- What the task asks: Your answer must consist of the lines running from the one that holds "xs \<Longrightarrow> x" to the end of the data, copied exactly.

_____

(* For every $m\ge1$ and $n\ge1$ there is an injective map from $Q_5(m,n)$ to $P_5(-m,n)$.
   Context: Partitions: $\lambda_1\ge\cdots\ge\lambda_\ell>0$, $\ell(\lambda)=\ell$, $\lambda_i=0$ for $i>\ell$, $s(\lambda)$ the smallest part with $s(\emptyset)=+\infty$. Rank $=\lambda_1-\ell$; rank-set $=[-\lambda_1,1-\lambda_2,\dots,\ell-1-\lambda_\ell,\ell,\ell+1,\dots]$. $Q(m,n)$: partitions of $n$ whose rank-set contains $m$; $P(-m,n)$: partitions of $n$ with rank $\ge-m$. $m$-Durfee rectangle symbol $(\alpha,\beta)_{(m+j)\times j}$ of $\lambda$: $j\ge0$ is the largest integer with $\lambda_{m+j}\ge j$; $\alpha$ is the conjugate of $(\lambda_1-j,\dots,\lambda_{m+j}-j)$ and $\beta=(\lambda_{m+j+1},\lambda_{m+j+2},\dots)$; $|\lambda|=|\alpha|+|\beta|+j(m+j)$. $Q_5(m,n)$ is the set of $\lambda\in Q(m,n)$ whose symbol has $j\ge1$, $\ell(\beta)-\ell(\alpha)\ge1$, $\alpha_1=\alpha_2=m+j>\alpha_3$ and $s(\beta)\ge2$. $P_5(-m,n)$ is the set of $\mu\in P(-m,n)$ whose symbol $(\gamma,\delta)_{(m+j')\times j'}$ has $j'\ge1$, $\ell(\gamma)=\ell(\delta)$, $\gamma_1\le m+j'-3$ and $\delta_1=j'$. *)

theory Defs
  imports Main "HOL-Library.Extended_Nat"
begin

definition is_partition :: "nat list \<Rightarrow> bool" where
  "is_partition lam \<longleftrightarrow> sorted_wrt (\<ge>) lam \<and> (\<forall>x\<in>set lam. 0 < x)"

definition partitions :: "nat \<Rightarrow> nat list set" where
  "partitions n = {lam. is_partition lam \<and> sum_list lam = n}"

text \<open>The i-th part (1-indexed), zero beyond the length.\<close>
definition part :: "nat list \<Rightarrow> nat \<Rightarrow> nat" where
  "part lam i = (if 1 \<le> i \<and> i \<le> length lam then lam ! (i - 1) else 0)"

definition spart :: "nat list \<Rightarrow> enat" where
  "spart lam = (if lam = [] then \<infinity> else enat (Min (set lam)))"

definition rank :: "nat list \<Rightarrow> int" where
  "rank lam = int (part lam 1) - int (length lam)"

text \<open>Membership in the rank-set [-lam1, 1-lam2, ..., l-1-lam_l, l, l+1, ...]:
  the k-th entry (k \<ge> 1) is k - 1 - lam_k.\<close>
definition in_rankset :: "int \<Rightarrow> nat list \<Rightarrow> bool" where
  "in_rankset x lam \<longleftrightarrow> (\<exists>k\<ge>1. int k - 1 - int (part lam k) = x)"

definition Qset :: "int \<Rightarrow> nat \<Rightarrow> nat list set" where
  "Qset m n = {lam \<in> partitions n. in_rankset m lam}"

definition Pneg :: "int \<Rightarrow> nat \<Rightarrow> nat list set" where
  "Pneg m n = {lam \<in> partitions n. rank lam \<ge> - m}"

definition conjugate :: "nat list \<Rightarrow> nat list" where
  "conjugate xs = map (\<lambda>i. length (filter (\<lambda>x. i \<le> x) xs)) [1..<Suc (foldr max xs 0)]"

definition durfee_j :: "nat \<Rightarrow> nat list \<Rightarrow> nat" where
  "durfee_j m lam = (GREATEST j. j \<le> part lam (m + j))"

definition durfee_alpha :: "nat \<Rightarrow> nat list \<Rightarrow> nat list" where
  "durfee_alpha m lam = (let j = durfee_j m lam in
     conjugate (map (\<lambda>k. part lam k - j) [1..<Suc (m + j)]))"

definition durfee_beta :: "nat \<Rightarrow> nat list \<Rightarrow> nat list" where
  "durfee_beta m lam = drop (m + durfee_j m lam) lam"

definition Q5 :: "nat \<Rightarrow> nat \<Rightarrow> nat list set" where
  "Q5 m n = {lam \<in> Qset (int m) n.
     (let j = durfee_j m lam; a = durfee_alpha m lam; b = durfee_beta m lam in
        j \<ge> 1 \<and> int (length b) - int (length a) \<ge> 1 \<and>
        part a 1 = m + j \<and> part a 2 = m + j \<and> m + j > part a 3 \<and>
        spart b \<ge> 2)}"

definition P5 :: "nat \<Rightarrow> nat \<Rightarrow> nat list set" where
  "P5 m n = {mu \<in> Pneg (int m) n.
     (let j' = durfee_j m mu; g = durfee_alpha m mu; d = durfee_beta m mu in
        j' \<ge> 1 \<and> length g = length d \<and>
        int (part g 1) \<le> int m + int j' - 3 \<and> part d 1 = j')}"

end

theory Submission
  imports Defs
begin

text \<open>
  Let \<open>\<lambda> \<in> Q\<^sub>5(m,n)\<close> have m-Durfee symbol \<open>(\<alpha>, \<beta>)\<close> with rectangle \<open>(m+j) \<times> j\<close>. Then
  \<open>\<alpha> = (m+j, m+j, a)\<close> by definition of \<open>Q\<^sub>5\<close>, and \<open>\<beta> = (j, b)\<close> because m lies in the rank
  set of \<open>\<lambda>\<close> exactly when \<open>\<lambda>\<^bsub>m+j+1\<^esub> = j\<close>; moreover \<open>j \<ge> 2\<close>, the parts of b lie in
  \<open>[2, j]\<close> and \<open>\<ell>(b) \<ge> \<ell>(a) + 2\<close>. The image of \<open>\<lambda>\<close> is the partition with rectangle
  \<open>(m+j+1) \<times> (j+1)\<close> and symbol \<open>(\<gamma>, \<delta>)\<close>, where \<open>\<gamma>\<close> lists the parts of a exceeding j
  and the parts of b, each lowered by 1, followed by \<open>\<lfloor>(m-1)/2\<rfloor>\<close> ones, and \<open>\<delta>\<close> lists
  \<open>j+1\<close>, the parts of a that are at most j, each raised by 1, and \<open>(m-1) mod 2\<close> twos,
  padded with ones to the length of \<open>\<gamma>\<close>. The rectangle grows by \<open>m + 2j + 1\<close> cells,
  exactly what is removed from the symbol, and \<open>\<ell>(\<gamma>) = \<ell>(\<delta>)\<close> makes the rank equal
  to \<open>-m\<close>. The parts \<open>\<ge> j\<close> of \<open>\<gamma>\<close> and the parts \<open>\<ge> 2\<close> of the tail of \<open>\<delta>\<close> give
  back the two halves of a, and the remaining parts of \<open>\<gamma>\<close> give back b, so the map
  is injective.
\<close>

lemma foldr_max_ge: "x \<in> set xs \<Longrightarrow> x \<le> foldr max xs (0::nat)"
  by (induction xs) (auto simp: le_max_iff_disj)

lemma foldr_max_le_iff: "foldr max xs (0::nat) \<le> B \<longleftrightarrow> (\<forall>x\<in>set xs. x \<le> B)"
  by (induction xs) auto

lemma foldr_max_eqI: "x \<in> set xs \<Longrightarrow> \<forall>y\<in>set xs. y \<le> x \<Longrightarrow> foldr max xs (0::nat) = x"
  using foldr_max_ge foldr_max_le_iff by (meson antisym)

lemma sorted_map_mono:
  assumes "mono (f :: 'a::order \<Rightarrow> 'b::order)" "sorted_wrt (\<ge>) xs"
  shows "sorted_wrt (\<ge>) (map f xs)"
proof -
  have "sorted_wrt (\<lambda>x y. f y \<le> f x) xs"
    using assms(2) by (rule sorted_wrt_mono_rel[rotated]) (simp add: monoD[OF assms(1)])
  then show ?thesis by (simp add: sorted_wrt_map)
qed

_____

- Your response:
lemma foldr_max_ge: "x \<in> set xs \<Longrightarrow> x \<le> foldr max xs (0::nat)"
  by (induction xs) (auto simp: le_max_iff_disj)

lemma foldr_max_le_iff: "foldr max xs (0::nat) \<le> B \<longleftrightarrow> (\<forall>x\<in>set xs. x \<le> B)"
  by (induction xs) auto

lemma foldr_max_eqI: "x \<in> set xs \<Longrightarrow> \<forall>y\<in>set xs. y \<le> x \<Longrightarrow> foldr max xs (0::nat) = x"
  using foldr_max_ge foldr_max_le_iff by (meson antisym)

lemma sorted_map_mono:
  assumes "mono (f :: 'a::order \<Rightarrow> 'b::order)" "sorted_wrt (\<ge>) xs"
  shows "sorted_wrt (\<ge>) (map f xs)"
proof -
  have "sorted_wrt (\<lambda>x y. f y \<le> f x) xs"
    using assms(2) by (rule sorted_wrt_mono_rel[rotated]) (simp add: monoD[OF assms(1)])
  then show ?thesis by (simp add: sorted_wrt_map)
qed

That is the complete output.